Using the listing below, set down exactly the lines starting at the line that contains "using bij that unfolding" and ending at the line that contains "A_def by simp", both included, and no others.
BEGIN Supplied records
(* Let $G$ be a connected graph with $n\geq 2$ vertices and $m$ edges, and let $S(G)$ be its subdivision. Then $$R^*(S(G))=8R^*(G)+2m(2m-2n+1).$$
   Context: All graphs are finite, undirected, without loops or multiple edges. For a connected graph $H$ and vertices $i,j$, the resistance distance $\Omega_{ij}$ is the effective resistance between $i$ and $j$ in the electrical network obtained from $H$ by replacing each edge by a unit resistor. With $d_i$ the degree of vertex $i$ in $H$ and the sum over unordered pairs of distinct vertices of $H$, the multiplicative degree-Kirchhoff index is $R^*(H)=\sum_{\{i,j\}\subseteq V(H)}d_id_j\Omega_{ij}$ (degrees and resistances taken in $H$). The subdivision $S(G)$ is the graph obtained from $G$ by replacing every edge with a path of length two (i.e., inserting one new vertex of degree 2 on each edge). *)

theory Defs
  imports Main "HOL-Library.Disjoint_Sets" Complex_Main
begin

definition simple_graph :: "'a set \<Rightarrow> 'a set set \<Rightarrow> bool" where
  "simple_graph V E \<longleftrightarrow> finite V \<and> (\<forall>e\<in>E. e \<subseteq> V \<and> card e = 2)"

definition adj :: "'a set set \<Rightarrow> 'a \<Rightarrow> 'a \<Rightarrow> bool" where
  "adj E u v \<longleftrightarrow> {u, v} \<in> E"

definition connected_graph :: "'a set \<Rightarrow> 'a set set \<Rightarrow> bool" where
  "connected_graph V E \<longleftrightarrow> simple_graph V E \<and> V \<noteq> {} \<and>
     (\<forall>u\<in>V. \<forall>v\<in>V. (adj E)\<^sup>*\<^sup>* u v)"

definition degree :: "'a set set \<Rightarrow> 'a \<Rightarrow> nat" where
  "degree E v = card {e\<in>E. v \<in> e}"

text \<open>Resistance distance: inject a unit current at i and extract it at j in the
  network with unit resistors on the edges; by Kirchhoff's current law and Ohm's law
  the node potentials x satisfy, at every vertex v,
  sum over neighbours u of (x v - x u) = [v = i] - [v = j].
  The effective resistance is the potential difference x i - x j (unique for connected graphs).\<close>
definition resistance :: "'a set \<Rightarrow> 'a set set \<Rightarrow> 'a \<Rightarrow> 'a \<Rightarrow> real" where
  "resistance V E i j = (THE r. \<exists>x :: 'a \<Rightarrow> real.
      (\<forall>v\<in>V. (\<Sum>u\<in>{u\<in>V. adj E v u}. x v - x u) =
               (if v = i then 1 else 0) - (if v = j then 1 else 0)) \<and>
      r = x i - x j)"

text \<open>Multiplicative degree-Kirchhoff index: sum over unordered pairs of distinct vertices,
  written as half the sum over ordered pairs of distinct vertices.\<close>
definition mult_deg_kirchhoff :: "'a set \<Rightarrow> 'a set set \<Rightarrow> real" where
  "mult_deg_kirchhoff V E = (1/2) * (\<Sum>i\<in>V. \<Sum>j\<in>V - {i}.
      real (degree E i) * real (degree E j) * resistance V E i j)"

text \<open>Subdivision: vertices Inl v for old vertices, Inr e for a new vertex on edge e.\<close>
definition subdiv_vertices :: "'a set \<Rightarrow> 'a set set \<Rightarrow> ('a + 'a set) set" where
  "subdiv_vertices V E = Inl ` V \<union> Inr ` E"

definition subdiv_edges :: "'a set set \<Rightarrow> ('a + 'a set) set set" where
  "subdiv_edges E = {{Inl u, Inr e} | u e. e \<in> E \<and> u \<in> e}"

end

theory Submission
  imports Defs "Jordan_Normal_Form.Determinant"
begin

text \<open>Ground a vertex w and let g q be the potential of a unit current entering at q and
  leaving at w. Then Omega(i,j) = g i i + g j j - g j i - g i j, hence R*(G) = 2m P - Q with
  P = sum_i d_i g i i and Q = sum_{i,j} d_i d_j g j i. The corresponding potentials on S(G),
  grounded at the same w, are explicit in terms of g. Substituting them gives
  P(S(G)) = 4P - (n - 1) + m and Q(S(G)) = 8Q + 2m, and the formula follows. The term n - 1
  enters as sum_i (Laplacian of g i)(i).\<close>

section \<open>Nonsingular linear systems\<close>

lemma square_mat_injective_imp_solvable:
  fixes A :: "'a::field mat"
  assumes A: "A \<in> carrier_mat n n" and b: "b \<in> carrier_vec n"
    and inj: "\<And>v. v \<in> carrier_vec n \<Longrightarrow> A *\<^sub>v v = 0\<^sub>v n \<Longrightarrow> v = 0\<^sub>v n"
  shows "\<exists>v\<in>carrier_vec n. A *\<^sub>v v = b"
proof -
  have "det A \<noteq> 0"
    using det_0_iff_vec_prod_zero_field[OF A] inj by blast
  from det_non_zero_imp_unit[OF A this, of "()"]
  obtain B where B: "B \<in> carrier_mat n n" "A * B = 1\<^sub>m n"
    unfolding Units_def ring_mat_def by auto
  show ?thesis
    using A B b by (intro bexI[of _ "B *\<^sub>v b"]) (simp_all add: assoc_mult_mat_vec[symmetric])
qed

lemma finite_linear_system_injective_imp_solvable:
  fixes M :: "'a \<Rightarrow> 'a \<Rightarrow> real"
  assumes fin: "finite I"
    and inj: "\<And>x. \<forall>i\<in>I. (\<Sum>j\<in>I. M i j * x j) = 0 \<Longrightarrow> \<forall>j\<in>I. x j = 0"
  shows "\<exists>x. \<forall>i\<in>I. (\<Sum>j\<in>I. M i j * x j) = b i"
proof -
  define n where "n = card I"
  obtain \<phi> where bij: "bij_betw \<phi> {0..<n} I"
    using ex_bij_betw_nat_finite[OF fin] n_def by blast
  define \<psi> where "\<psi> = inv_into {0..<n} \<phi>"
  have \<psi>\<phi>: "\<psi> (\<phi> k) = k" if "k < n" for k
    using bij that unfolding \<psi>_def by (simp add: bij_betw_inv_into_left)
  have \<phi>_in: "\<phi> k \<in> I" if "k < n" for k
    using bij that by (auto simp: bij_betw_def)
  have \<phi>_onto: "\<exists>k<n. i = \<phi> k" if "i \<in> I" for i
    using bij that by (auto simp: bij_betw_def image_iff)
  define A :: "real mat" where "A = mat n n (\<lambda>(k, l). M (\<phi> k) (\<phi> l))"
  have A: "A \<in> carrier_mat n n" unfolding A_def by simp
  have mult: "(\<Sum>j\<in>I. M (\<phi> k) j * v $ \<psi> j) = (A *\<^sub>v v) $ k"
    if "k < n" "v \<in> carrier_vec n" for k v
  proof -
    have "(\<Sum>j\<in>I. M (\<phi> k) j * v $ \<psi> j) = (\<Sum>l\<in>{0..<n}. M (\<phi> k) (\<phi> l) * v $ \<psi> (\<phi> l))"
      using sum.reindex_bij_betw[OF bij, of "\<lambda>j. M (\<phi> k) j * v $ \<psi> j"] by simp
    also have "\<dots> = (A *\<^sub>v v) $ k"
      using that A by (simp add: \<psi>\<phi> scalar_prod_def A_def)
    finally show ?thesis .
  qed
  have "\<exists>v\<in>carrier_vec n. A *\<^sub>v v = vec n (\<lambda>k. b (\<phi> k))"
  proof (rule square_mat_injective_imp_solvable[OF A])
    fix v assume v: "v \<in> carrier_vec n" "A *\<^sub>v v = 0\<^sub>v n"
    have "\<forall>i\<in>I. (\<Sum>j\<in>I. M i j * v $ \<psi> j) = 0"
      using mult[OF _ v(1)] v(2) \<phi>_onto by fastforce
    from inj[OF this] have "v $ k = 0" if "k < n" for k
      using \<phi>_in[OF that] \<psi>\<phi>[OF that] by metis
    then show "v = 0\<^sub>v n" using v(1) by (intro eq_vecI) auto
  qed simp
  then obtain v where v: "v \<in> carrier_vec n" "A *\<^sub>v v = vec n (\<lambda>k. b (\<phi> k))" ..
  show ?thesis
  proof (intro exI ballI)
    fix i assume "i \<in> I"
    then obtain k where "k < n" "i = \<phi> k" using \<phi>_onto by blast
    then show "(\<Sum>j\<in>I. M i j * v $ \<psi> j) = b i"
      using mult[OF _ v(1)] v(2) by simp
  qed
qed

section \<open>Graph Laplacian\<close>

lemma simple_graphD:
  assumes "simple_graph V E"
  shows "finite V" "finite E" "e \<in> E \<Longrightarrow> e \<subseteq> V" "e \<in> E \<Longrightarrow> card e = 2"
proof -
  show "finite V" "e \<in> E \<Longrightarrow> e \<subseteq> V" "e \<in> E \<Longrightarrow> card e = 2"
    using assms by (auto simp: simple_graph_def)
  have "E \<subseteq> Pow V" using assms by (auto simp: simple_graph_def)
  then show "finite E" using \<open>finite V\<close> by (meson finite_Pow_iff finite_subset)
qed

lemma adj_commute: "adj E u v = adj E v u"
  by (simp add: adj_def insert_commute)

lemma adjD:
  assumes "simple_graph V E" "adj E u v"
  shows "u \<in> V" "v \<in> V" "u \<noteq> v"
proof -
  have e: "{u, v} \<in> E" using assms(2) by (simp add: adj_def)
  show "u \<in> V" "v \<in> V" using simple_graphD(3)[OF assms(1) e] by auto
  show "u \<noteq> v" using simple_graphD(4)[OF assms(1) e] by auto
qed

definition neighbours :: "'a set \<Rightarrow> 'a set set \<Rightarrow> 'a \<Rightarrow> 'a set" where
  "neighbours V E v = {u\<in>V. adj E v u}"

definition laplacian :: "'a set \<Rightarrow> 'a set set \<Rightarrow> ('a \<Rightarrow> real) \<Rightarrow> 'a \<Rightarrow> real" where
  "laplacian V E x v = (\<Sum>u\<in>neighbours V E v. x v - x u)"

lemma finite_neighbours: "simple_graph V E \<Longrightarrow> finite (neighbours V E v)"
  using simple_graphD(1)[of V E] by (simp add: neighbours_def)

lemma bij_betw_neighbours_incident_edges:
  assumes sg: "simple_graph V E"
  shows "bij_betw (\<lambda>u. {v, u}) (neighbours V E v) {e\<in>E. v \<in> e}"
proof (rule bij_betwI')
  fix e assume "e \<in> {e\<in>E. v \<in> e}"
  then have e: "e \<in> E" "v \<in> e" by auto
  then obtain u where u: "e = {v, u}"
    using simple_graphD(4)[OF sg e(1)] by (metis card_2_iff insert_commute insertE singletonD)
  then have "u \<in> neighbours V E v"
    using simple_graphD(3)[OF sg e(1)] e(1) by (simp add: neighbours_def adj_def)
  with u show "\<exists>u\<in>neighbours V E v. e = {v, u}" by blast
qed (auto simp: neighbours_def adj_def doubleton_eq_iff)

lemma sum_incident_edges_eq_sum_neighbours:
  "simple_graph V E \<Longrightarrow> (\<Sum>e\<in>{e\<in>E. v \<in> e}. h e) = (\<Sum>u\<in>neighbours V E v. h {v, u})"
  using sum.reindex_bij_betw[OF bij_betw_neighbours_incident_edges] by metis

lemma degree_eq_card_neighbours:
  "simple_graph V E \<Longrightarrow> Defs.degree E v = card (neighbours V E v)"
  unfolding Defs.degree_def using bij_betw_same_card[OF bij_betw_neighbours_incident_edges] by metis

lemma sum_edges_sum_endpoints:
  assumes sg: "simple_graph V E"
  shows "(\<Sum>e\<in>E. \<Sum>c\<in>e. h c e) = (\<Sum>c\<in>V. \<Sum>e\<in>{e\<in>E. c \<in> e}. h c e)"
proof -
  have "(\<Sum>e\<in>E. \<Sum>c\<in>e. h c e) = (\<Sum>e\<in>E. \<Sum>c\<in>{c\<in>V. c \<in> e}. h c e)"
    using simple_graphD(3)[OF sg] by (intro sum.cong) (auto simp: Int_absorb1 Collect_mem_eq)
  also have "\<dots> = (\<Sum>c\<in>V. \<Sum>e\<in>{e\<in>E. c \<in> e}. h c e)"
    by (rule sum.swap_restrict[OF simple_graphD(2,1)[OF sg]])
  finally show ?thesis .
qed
END Supplied records
Exercise result:
    using bij that unfolding \<psi>_def by (simp add: bij_betw_inv_into_left)
  have \<phi>_in: "\<phi> k \<in> I" if "k < n" for k
    using bij that by (auto simp: bij_betw_def)
  have \<phi>_onto: "\<exists>k<n. i = \<phi> k" if "i \<in> I" for i
    using bij that by (auto simp: bij_betw_def image_iff)
  define A :: "real mat" where "A = mat n n (\<lambda>(k, l). M (\<phi> k) (\<phi> l))"
  have A: "A \<in> carrier_mat n n" unfolding A_def by simp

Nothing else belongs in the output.